A Trump-Obama trend: revival of ‘Made in the USA’

An employee works the line at Integra Tool & Manufacturing Inc. in Wausau, Wis. The US has been experiencing gains in manufacturing jobs.

Alfredo Sosa/Staff/File

March 4, 2019

The US economy has created more jobs under President Trump than in the first two years of any president since Bill Clinton. But when it comes to manufacturing jobs, Mr. Trump really shines.

His administration has witnessed more growth of factory jobs than in the first two years of any president since Jimmy Carter 40 years ago.

The trend is significant in part because Trump’s promises of Rust Belt revitalization were a clear part of his electoral success in 2016.

Why We Wrote This

A US economic sector that many had written off has been showing strong new life. Our reporter looks at the trend’s durability and at the debate over where credit lies.

It is too early to tell whether this is a blip or a turnaround. From 2000 to 2010, the United States lost a third of its factory jobs, some 5.8 million workers. The rebound after the Great Recession, which started under President Obama and has accelerated under Trump, has added back nearly 1.4 million of those positions, which is a start but hardly a full recovery. And some of Trump’s policies, notably on trade, may be holding the sector back.

Nevertheless, what is clear is that there’s new thinking at the White House. Starting with President Obama and much more emphatically under Trump, manufacturing is now seen as a key driver for the economy’s future rather than a declining job generator of an industrial past.

“There’s a newly rediscovered belief in American manufacturing in US politics,” says Scott Paul, president of the Alliance for American Manufacturing, a partnership of US manufacturers and the United Steelworkers union. “It’s essential to driving innovation in our economy. It’s one of the most reliable places for workers who don't have a four-year college degree to get a good job.”

Whether the momentum continues will depend, in large part, on economic forces that are beyond any president’s direct control. But experts on manufacturing say it may also hinge on whether the administration can expand its strategy from a focus on tax cuts and trade deals to include things like worker-training and research-promotion programs.

Challenges ahead

The administration faces formidable odds. Growth in the world economy has been cooling, including for factory goods. Globalization is a still powerful force that can pull US jobs overseas. And the trend of automation, while helping many US factories to compete in global markets, can mean that even success doesn’t ensure legions of assembly-line jobs attached.

Still, when it comes to jobs and pay, the trends look promising. After a rocky 2009, the Obama administration saw 908,000 factory jobs created in its next seven years. In just two years, Trump has already seen half again that number of manufacturing positions created – a 3.7 percent jump that’s the best performance of any first two years of a president since a 10 percent rise under President Carter from 1977 to 1979.

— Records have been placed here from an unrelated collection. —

lemma pairing_reflQ_reflP:
  "pairing \<alpha>v \<alpha> = 2 \<Longrightarrow> pairing (reflQ \<alpha> \<alpha>v \<beta>) (reflP \<alpha> \<alpha>v lam) = pairing \<beta> lam"
  by (simp add: pairing_reflP_right pairing_reflQ_left algebra_simps)

lemma reflP_conj:
  "pairing \<alpha>v \<alpha> = 2 \<Longrightarrow>
    reflP (reflP \<alpha> \<alpha>v \<gamma>) (reflQ \<alpha> \<alpha>v \<gamma>v) = reflP \<alpha> \<alpha>v \<circ> reflP \<gamma> \<gamma>v \<circ> reflP \<alpha> \<alpha>v"
  by (intro ext poly_mapping_eqI)
    (simp add: lookup_reflP pairing_reflP_right pairing_reflQ_left algebra_simps)

lemma reflQ_conj:
  "pairing \<alpha>v \<alpha> = 2 \<Longrightarrow>
    reflQ (reflP \<alpha> \<alpha>v \<gamma>) (reflQ \<alpha> \<alpha>v \<gamma>v) = reflQ \<alpha> \<alpha>v \<circ> reflQ \<gamma> \<gamma>v \<circ> reflQ \<alpha> \<alpha>v"
  by (intro ext poly_mapping_eqI)
    (simp add: lookup_reflQ pairing_reflP_right pairing_reflQ_left algebra_simps)

definition twist :: "('i::linorder lat \<Rightarrow> 'i lat) \<Rightarrow> ('i lat \<Rightarrow> 'i lat) \<Rightarrow> 'i calC \<Rightarrow> 'i calC"
  where "twist \<sigma> \<tau> = pm_remap (fact \<sigma>) \<tau>"

lemma twist_comp:
  assumes "additive \<sigma>\<^sub>1" "inj \<sigma>\<^sub>1" "additive \<sigma>\<^sub>2" "inj \<sigma>\<^sub>2"
  shows "twist \<sigma>\<^sub>1 \<tau>\<^sub>1 (twist \<sigma>\<^sub>2 \<tau>\<^sub>2 \<xi>) = twist (\<sigma>\<^sub>1 \<circ> \<sigma>\<^sub>2) (\<tau>\<^sub>1 \<circ> \<tau>\<^sub>2) \<xi>"
proof -
  have "fact \<sigma>\<^sub>1 \<circ> fact \<sigma>\<^sub>2 = fact (\<sigma>\<^sub>1 \<circ> \<sigma>\<^sub>2)"
    using assms by (simp add: fun_eq_iff fact_comp)
  then show ?thesis
    using assms unfolding twist_def
    by (simp add: pm_remap_comp additive_fact additive.zero[OF additive_fact])
qed

lemma twist_mult:
  assumes "additive \<sigma>" "inj \<sigma>" "\<And>\<beta> \<beta>'. \<tau> (\<beta> + \<beta>') = \<tau>\<^sub>1 \<beta> + \<tau> \<beta>'"
  shows "twist \<sigma> \<tau> (\<xi> * \<xi>') = twist \<sigma> \<tau>\<^sub>1 \<xi> * twist \<sigma> \<tau> \<xi>'"
  unfolding twist_def using assms by (intro pm_remap_mult additive_fact fact_mult)

lemma Dop_eq_twist:
  "Dop e \<sigma> \<tau> \<xi> = Poly_Mapping.single 0 (1 / (1 - e)) * \<xi>
    - Poly_Mapping.single 0 (e / (1 - e)) * twist \<sigma> \<tau> \<xi>"
  unfolding twist_def single_0_mult_pm_remap
  unfolding single_0_mult_eq_pm_remap
  by (simp add: Dop_def pm_remap_def sum_subtractf)

text \<open>For \<open>e = 1\<close> the junk value \<open>x / 0 = 0\<close> makes \<open>Dop e \<sigma> \<tau>\<close> vanish, so only \<open>\<xi> = 0\<close> is fixed.\<close>

lemma twist_fixed_if_Dop_fixed:
  assumes "Dop e \<sigma> \<tau> \<xi> = \<xi>" "e \<noteq> 0"
  shows "twist \<sigma> \<tau> \<xi> = \<xi>"
proof (cases "e = 1")
  case True
  with assms show ?thesis by (simp add: Dop_eq_twist twist_def pm_remap_def)
next
  case False
  let ?d = "e / (1 - e)"
  have "1 / (1 - e) = ?d + 1"
    using False by (simp add: field_simps)
  then have c: "Poly_Mapping.single 0 (1 / (1 - e)) = Poly_Mapping.single 0 ?d + 1"
    by (simp add: single_add)
  have "Poly_Mapping.single 0 ?d * \<xi> = (Poly_Mapping.single 0 ?d + 1) * \<xi> - \<xi>"
    by (simp add: distrib_right)
  also have "\<dots> = Poly_Mapping.single 0 ?d * twist \<sigma> \<tau> \<xi>"
    using assms(1) unfolding Dop_eq_twist c by (simp add: diff_eq_eq add.commute)
  finally have "Poly_Mapping.single 0 ?d * \<xi> = Poly_Mapping.single 0 ?d * twist \<sigma> \<tau> \<xi>" .
  moreover have "Poly_Mapping.single 0 ?d \<noteq> 0"
    using False assms(2) by (metis divide_eq_0_iff eq_iff_diff_eq_0 lookup_single_eq lookup_zero)
  ultimately show ?thesis
    by auto
qed

lemma Dop_mult_of_twist_fixed:
  assumes "additive \<sigma>" "inj \<sigma>" "\<And>\<beta> \<beta>'. \<tau> (\<beta> + \<beta>') = \<tau>\<^sub>1 \<beta> + \<tau> \<beta>'"
    and "twist \<sigma> \<tau>\<^sub>1 \<xi> = \<xi>"
  shows "Dop e \<sigma> \<tau> (\<xi> * \<xi>') = \<xi> * Dop e \<sigma> \<tau> \<xi>'"
  using assms by (simp add: Dop_eq_twist twist_mult algebra_simps)

lemma rootpairs_pairing_eq_2:
  "(\<gamma>, \<gamma>v) \<in> rootpairs A \<Longrightarrow> (\<And>i. A i i = 2) \<Longrightarrow> pairing \<gamma>v \<gamma> = 2"
  by (induction rule: rootpairs.induct)
    (simp_all add: pairing_scoroot_sroot siP_def siQ_def pairing_reflQ_reflP)

lemma rootpairs_twist_fixed:
  assumes "(\<gamma>, \<gamma>v) \<in> rootpairs A" "\<And>i. A i i = 2"
    and simple_fixed: "\<And>i. twist (siP A i) (siQ A i) \<xi> = \<xi>"
  shows "twist (reflP \<gamma> \<gamma>v) (reflQ \<gamma> \<gamma>v) \<xi> = \<xi>"
  using assms(1)
proof (induction rule: rootpairs.induct)
  case (simple i)
  then show ?case using simple_fixed[of i] by (simp add: siP_def siQ_def)
next
  case (refl \<gamma> \<gamma>v i)
  let ?s\<^sub>P = "reflP (sroot A i) (scoroot i)" and ?s\<^sub>Q = "reflQ (sroot A i) (scoroot i)"
  have "pairing (scoroot i) (sroot A i) = 2" "pairing \<gamma>v \<gamma> = 2"
    using refl.hyps assms(2) by (simp_all add: pairing_scoroot_sroot rootpairs_pairing_eq_2)
  then have s: "additive ?s\<^sub>P" "inj ?s\<^sub>P" and r: "additive (reflP \<gamma> \<gamma>v)" "inj (reflP \<gamma> \<gamma>v)"
    by (simp_all add: additive_reflP inj_reflP)
  have "twist ?s\<^sub>P ?s\<^sub>Q (twist (reflP \<gamma> \<gamma>v) (reflQ \<gamma> \<gamma>v) (twist ?s\<^sub>P ?s\<^sub>Q \<xi>)) =
      twist (?s\<^sub>P \<circ> (reflP \<gamma> \<gamma>v \<circ> ?s\<^sub>P)) (?s\<^sub>Q \<circ> (reflQ \<gamma> \<gamma>v \<circ> ?s\<^sub>Q)) \<xi>"
    using s r by (simp add: twist_comp additive_comp inj_compose)
  also have "\<dots> = twist (reflP (siP A i \<gamma>) (siQ A i \<gamma>v)) (reflQ (siP A i \<gamma>) (siQ A i \<gamma>v)) \<xi>"
    using \<open>pairing (scoroot i) (sroot A i) = 2\<close> by (simp add: siP_def siQ_def reflP_conj reflQ_conj comp_assoc)
  finally show ?case
    using simple_fixed[of i] refl.IH by (simp add: siP_def siQ_def)
qed

theorem lemma2p6:
  fixes A :: "'i::{finite,linorder} \<Rightarrow> 'i \<Rightarrow> int"
    and \<theta> \<theta>v :: "'i lat"
    and \<xi> \<xi>' :: "'i calC"
  assumes "simple_cartan A"
    and "highest_root A \<theta> \<theta>v"
    and "\<forall>i. Dsharp A i \<xi> = \<xi>"
  shows "Dsharp0 \<theta> \<theta>v (\<xi> * \<xi>') = \<xi> * Dsharp0 \<theta> \<theta>v \<xi>'"
proof -
  have diag: "\<And>i. A i i = 2"
    using assms(1) by (simp add: simple_cartan_def is_GCM_def)
  have root: "(\<theta>, \<theta>v) \<in> rootpairs A"
    using assms(2) by (simp add: highest_root_def)
  have "twist (siP A i) (siQ A i) \<xi> = \<xi>" for i
    using assms(3) ee_nonzero unfolding Dsharp_def by (blast intro: twist_fixed_if_Dop_fixed)
  with root diag have fixed: "twist (reflP \<theta> \<theta>v) (reflQ \<theta> \<theta>v) \<xi> = \<xi>"
    by (rule rootpairs_twist_fixed)
  have "pairing \<theta>v \<theta> = 2"
    using root diag by (rule rootpairs_pairing_eq_2)
  moreover have "reflQ \<theta> \<theta>v (\<beta> + \<beta>' - \<theta>v) = reflQ \<theta> \<theta>v \<beta> + reflQ \<theta> \<theta>v (\<beta>' - \<theta>v)"
    for \<beta> \<beta>'
    using additive.add[OF additive_reflQ] by (simp add: add_diff_eq[symmetric])
  ultimately show ?thesis
    unfolding Dsharp0_def
    by (intro Dop_mult_of_twist_fixed[where \<tau>\<^sub>1 = "reflQ \<theta> \<theta>v"])
      (simp_all add: additive_reflP inj_reflP fixed)
qed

Hourly earnings in manufacturing jumped slightly more under Obama’s first two years than Trump’s, but the latter’s 3.3 percent increase is respectable. Averaging $27.21, these jobs represent a solid step into the middle class and are nearly on par with the $27.56 average for all nonfarm workers in the private sector. (Interestingly, until mid-2018, factory workers’ earnings were slightly higher than all private-sector workers.)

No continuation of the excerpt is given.